-- What is being asked --
An answer that reproduces all the entries exactly is what is needed.

[Dataset entries]

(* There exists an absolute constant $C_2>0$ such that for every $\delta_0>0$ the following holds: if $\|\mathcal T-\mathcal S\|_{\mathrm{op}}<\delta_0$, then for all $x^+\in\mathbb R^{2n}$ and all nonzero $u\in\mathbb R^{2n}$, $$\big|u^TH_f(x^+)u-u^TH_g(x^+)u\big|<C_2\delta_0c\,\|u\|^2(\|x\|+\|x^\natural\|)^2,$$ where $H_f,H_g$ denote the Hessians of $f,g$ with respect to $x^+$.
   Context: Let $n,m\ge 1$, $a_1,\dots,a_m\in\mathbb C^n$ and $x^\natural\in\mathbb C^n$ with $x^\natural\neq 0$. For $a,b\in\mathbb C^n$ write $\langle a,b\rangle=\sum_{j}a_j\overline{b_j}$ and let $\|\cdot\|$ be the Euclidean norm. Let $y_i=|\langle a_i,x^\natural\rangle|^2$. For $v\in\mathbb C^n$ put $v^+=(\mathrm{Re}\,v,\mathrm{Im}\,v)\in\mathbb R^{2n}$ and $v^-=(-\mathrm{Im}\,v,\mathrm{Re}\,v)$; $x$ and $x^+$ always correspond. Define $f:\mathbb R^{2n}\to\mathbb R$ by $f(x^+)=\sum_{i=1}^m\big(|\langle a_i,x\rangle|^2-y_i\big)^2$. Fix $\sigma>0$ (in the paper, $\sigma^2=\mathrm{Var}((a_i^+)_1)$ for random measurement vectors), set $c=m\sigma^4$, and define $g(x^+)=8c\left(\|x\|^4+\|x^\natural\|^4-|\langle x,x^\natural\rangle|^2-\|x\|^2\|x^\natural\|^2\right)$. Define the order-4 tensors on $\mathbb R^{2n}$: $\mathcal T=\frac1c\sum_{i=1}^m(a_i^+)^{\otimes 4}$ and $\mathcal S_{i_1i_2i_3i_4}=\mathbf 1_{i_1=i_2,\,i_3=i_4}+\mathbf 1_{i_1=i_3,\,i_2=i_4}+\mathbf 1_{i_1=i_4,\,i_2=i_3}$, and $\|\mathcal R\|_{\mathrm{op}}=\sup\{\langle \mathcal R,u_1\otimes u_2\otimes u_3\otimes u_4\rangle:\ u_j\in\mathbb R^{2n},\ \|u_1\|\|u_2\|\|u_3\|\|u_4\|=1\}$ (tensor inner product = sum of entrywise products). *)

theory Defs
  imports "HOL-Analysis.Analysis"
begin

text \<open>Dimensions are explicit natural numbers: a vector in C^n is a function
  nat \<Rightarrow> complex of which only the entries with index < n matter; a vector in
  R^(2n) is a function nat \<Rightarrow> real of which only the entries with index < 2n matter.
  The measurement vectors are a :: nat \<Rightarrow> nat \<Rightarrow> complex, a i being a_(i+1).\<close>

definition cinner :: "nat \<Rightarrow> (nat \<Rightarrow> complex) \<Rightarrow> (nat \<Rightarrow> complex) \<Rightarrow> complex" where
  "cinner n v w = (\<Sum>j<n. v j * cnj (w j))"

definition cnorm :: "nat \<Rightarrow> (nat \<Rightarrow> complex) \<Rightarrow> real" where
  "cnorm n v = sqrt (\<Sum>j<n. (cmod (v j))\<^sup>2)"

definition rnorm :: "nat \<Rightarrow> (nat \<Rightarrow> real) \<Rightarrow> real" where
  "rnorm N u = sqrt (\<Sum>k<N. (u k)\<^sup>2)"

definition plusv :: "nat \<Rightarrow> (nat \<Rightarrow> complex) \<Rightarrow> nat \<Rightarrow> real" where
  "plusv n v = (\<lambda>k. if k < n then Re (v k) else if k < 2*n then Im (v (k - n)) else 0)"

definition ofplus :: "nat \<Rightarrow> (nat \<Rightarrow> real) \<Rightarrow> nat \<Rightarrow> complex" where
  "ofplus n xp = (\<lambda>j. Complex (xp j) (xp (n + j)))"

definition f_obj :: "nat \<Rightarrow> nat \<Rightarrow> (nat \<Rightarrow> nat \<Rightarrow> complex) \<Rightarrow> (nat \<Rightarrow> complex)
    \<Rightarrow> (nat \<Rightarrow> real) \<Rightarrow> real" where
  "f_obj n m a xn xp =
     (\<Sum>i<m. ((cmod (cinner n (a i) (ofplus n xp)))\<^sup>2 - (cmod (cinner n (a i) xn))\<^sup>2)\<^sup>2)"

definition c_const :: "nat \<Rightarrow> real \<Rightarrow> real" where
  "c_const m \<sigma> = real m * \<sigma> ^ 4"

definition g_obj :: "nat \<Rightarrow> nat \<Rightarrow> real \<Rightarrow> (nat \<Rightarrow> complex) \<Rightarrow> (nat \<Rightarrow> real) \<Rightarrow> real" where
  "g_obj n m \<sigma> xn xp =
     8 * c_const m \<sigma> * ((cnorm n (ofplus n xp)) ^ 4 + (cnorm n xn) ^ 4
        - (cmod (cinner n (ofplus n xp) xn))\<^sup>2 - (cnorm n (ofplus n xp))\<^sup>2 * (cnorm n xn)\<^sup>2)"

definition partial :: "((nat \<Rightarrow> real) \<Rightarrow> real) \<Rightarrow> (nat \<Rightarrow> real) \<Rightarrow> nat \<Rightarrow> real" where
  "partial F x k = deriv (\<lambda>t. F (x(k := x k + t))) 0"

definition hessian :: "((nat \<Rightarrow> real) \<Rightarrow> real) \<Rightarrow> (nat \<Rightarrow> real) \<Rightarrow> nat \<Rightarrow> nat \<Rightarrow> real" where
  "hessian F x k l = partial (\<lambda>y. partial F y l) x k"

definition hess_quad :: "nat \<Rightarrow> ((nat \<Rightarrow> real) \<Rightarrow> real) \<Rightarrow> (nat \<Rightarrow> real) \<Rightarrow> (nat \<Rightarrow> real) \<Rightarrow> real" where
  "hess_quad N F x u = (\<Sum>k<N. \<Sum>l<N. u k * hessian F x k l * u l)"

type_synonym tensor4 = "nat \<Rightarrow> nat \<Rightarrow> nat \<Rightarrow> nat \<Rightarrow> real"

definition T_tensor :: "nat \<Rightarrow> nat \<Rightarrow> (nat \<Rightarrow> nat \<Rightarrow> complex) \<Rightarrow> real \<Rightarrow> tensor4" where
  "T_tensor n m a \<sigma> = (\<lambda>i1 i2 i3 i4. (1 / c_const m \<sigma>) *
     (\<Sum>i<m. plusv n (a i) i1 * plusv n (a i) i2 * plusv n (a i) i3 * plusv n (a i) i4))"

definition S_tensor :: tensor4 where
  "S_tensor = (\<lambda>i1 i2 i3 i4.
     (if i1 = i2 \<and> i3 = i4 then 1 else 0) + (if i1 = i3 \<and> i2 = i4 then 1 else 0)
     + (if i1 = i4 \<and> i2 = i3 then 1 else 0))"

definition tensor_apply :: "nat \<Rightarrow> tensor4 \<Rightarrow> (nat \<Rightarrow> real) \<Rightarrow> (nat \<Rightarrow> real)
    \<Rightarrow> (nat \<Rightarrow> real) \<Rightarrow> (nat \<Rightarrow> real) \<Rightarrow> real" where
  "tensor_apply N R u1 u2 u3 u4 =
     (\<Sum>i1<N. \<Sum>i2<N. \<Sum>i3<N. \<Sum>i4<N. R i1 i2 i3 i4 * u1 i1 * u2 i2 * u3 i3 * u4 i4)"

-- Answer for the task --
(* There exists an absolute constant $C_2>0$ such that for every $\delta_0>0$ the following holds: if $\|\mathcal T-\mathcal S\|_{\mathrm{op}}<\delta_0$, then for all $x^+\in\mathbb R^{2n}$ and all nonzero $u\in\mathbb R^{2n}$, $$\big|u^TH_f(x^+)u-u^TH_g(x^+)u\big|<C_2\delta_0c\,\|u\|^2(\|x\|+\|x^\natural\|)^2,$$ where $H_f,H_g$ denote the Hessians of $f,g$ with respect to $x^+$.
   Context: Let $n,m\ge 1$, $a_1,\dots,a_m\in\mathbb C^n$ and $x^\natural\in\mathbb C^n$ with $x^\natural\neq 0$. For $a,b\in\mathbb C^n$ write $\langle a,b\rangle=\sum_{j}a_j\overline{b_j}$ and let $\|\cdot\|$ be the Euclidean norm. Let $y_i=|\langle a_i,x^\natural\rangle|^2$. For $v\in\mathbb C^n$ put $v^+=(\mathrm{Re}\,v,\mathrm{Im}\,v)\in\mathbb R^{2n}$ and $v^-=(-\mathrm{Im}\,v,\mathrm{Re}\,v)$; $x$ and $x^+$ always correspond. Define $f:\mathbb R^{2n}\to\mathbb R$ by $f(x^+)=\sum_{i=1}^m\big(|\langle a_i,x\rangle|^2-y_i\big)^2$. Fix $\sigma>0$ (in the paper, $\sigma^2=\mathrm{Var}((a_i^+)_1)$ for random measurement vectors), set $c=m\sigma^4$, and define $g(x^+)=8c\left(\|x\|^4+\|x^\natural\|^4-|\langle x,x^\natural\rangle|^2-\|x\|^2\|x^\natural\|^2\right)$. Define the order-4 tensors on $\mathbb R^{2n}$: $\mathcal T=\frac1c\sum_{i=1}^m(a_i^+)^{\otimes 4}$ and $\mathcal S_{i_1i_2i_3i_4}=\mathbf 1_{i_1=i_2,\,i_3=i_4}+\mathbf 1_{i_1=i_3,\,i_2=i_4}+\mathbf 1_{i_1=i_4,\,i_2=i_3}$, and $\|\mathcal R\|_{\mathrm{op}}=\sup\{\langle \mathcal R,u_1\otimes u_2\otimes u_3\otimes u_4\rangle:\ u_j\in\mathbb R^{2n},\ \|u_1\|\|u_2\|\|u_3\|\|u_4\|=1\}$ (tensor inner product = sum of entrywise products). *)

theory Defs
  imports "HOL-Analysis.Analysis"
begin

text \<open>Dimensions are explicit natural numbers: a vector in C^n is a function
  nat \<Rightarrow> complex of which only the entries with index < n matter; a vector in
  R^(2n) is a function nat \<Rightarrow> real of which only the entries with index < 2n matter.
  The measurement vectors are a :: nat \<Rightarrow> nat \<Rightarrow> complex, a i being a_(i+1).\<close>

definition cinner :: "nat \<Rightarrow> (nat \<Rightarrow> complex) \<Rightarrow> (nat \<Rightarrow> complex) \<Rightarrow> complex" where
  "cinner n v w = (\<Sum>j<n. v j * cnj (w j))"

definition cnorm :: "nat \<Rightarrow> (nat \<Rightarrow> complex) \<Rightarrow> real" where
  "cnorm n v = sqrt (\<Sum>j<n. (cmod (v j))\<^sup>2)"

definition rnorm :: "nat \<Rightarrow> (nat \<Rightarrow> real) \<Rightarrow> real" where
  "rnorm N u = sqrt (\<Sum>k<N. (u k)\<^sup>2)"

definition plusv :: "nat \<Rightarrow> (nat \<Rightarrow> complex) \<Rightarrow> nat \<Rightarrow> real" where
  "plusv n v = (\<lambda>k. if k < n then Re (v k) else if k < 2*n then Im (v (k - n)) else 0)"

definition ofplus :: "nat \<Rightarrow> (nat \<Rightarrow> real) \<Rightarrow> nat \<Rightarrow> complex" where
  "ofplus n xp = (\<lambda>j. Complex (xp j) (xp (n + j)))"

definition f_obj :: "nat \<Rightarrow> nat \<Rightarrow> (nat \<Rightarrow> nat \<Rightarrow> complex) \<Rightarrow> (nat \<Rightarrow> complex)
    \<Rightarrow> (nat \<Rightarrow> real) \<Rightarrow> real" where
  "f_obj n m a xn xp =
     (\<Sum>i<m. ((cmod (cinner n (a i) (ofplus n xp)))\<^sup>2 - (cmod (cinner n (a i) xn))\<^sup>2)\<^sup>2)"

definition c_const :: "nat \<Rightarrow> real \<Rightarrow> real" where
  "c_const m \<sigma> = real m * \<sigma> ^ 4"

definition g_obj :: "nat \<Rightarrow> nat \<Rightarrow> real \<Rightarrow> (nat \<Rightarrow> complex) \<Rightarrow> (nat \<Rightarrow> real) \<Rightarrow> real" where
  "g_obj n m \<sigma> xn xp =
     8 * c_const m \<sigma> * ((cnorm n (ofplus n xp)) ^ 4 + (cnorm n xn) ^ 4
        - (cmod (cinner n (ofplus n xp) xn))\<^sup>2 - (cnorm n (ofplus n xp))\<^sup>2 * (cnorm n xn)\<^sup>2)"

definition partial :: "((nat \<Rightarrow> real) \<Rightarrow> real) \<Rightarrow> (nat \<Rightarrow> real) \<Rightarrow> nat \<Rightarrow> real" where
  "partial F x k = deriv (\<lambda>t. F (x(k := x k + t))) 0"

definition hessian :: "((nat \<Rightarrow> real) \<Rightarrow> real) \<Rightarrow> (nat \<Rightarrow> real) \<Rightarrow> nat \<Rightarrow> nat \<Rightarrow> real" where
  "hessian F x k l = partial (\<lambda>y. partial F y l) x k"

definition hess_quad :: "nat \<Rightarrow> ((nat \<Rightarrow> real) \<Rightarrow> real) \<Rightarrow> (nat \<Rightarrow> real) \<Rightarrow> (nat \<Rightarrow> real) \<Rightarrow> real" where
  "hess_quad N F x u = (\<Sum>k<N. \<Sum>l<N. u k * hessian F x k l * u l)"

type_synonym tensor4 = "nat \<Rightarrow> nat \<Rightarrow> nat \<Rightarrow> nat \<Rightarrow> real"

definition T_tensor :: "nat \<Rightarrow> nat \<Rightarrow> (nat \<Rightarrow> nat \<Rightarrow> complex) \<Rightarrow> real \<Rightarrow> tensor4" where
  "T_tensor n m a \<sigma> = (\<lambda>i1 i2 i3 i4. (1 / c_const m \<sigma>) *
     (\<Sum>i<m. plusv n (a i) i1 * plusv n (a i) i2 * plusv n (a i) i3 * plusv n (a i) i4))"

definition S_tensor :: tensor4 where
  "S_tensor = (\<lambda>i1 i2 i3 i4.
     (if i1 = i2 \<and> i3 = i4 then 1 else 0) + (if i1 = i3 \<and> i2 = i4 then 1 else 0)
     + (if i1 = i4 \<and> i2 = i3 then 1 else 0))"

definition tensor_apply :: "nat \<Rightarrow> tensor4 \<Rightarrow> (nat \<Rightarrow> real) \<Rightarrow> (nat \<Rightarrow> real)
    \<Rightarrow> (nat \<Rightarrow> real) \<Rightarrow> (nat \<Rightarrow> real) \<Rightarrow> real" where
  "tensor_apply N R u1 u2 u3 u4 =
     (\<Sum>i1<N. \<Sum>i2<N. \<Sum>i3<N. \<Sum>i4<N. R i1 i2 i3 i4 * u1 i1 * u2 i2 * u3 i3 * u4 i4)"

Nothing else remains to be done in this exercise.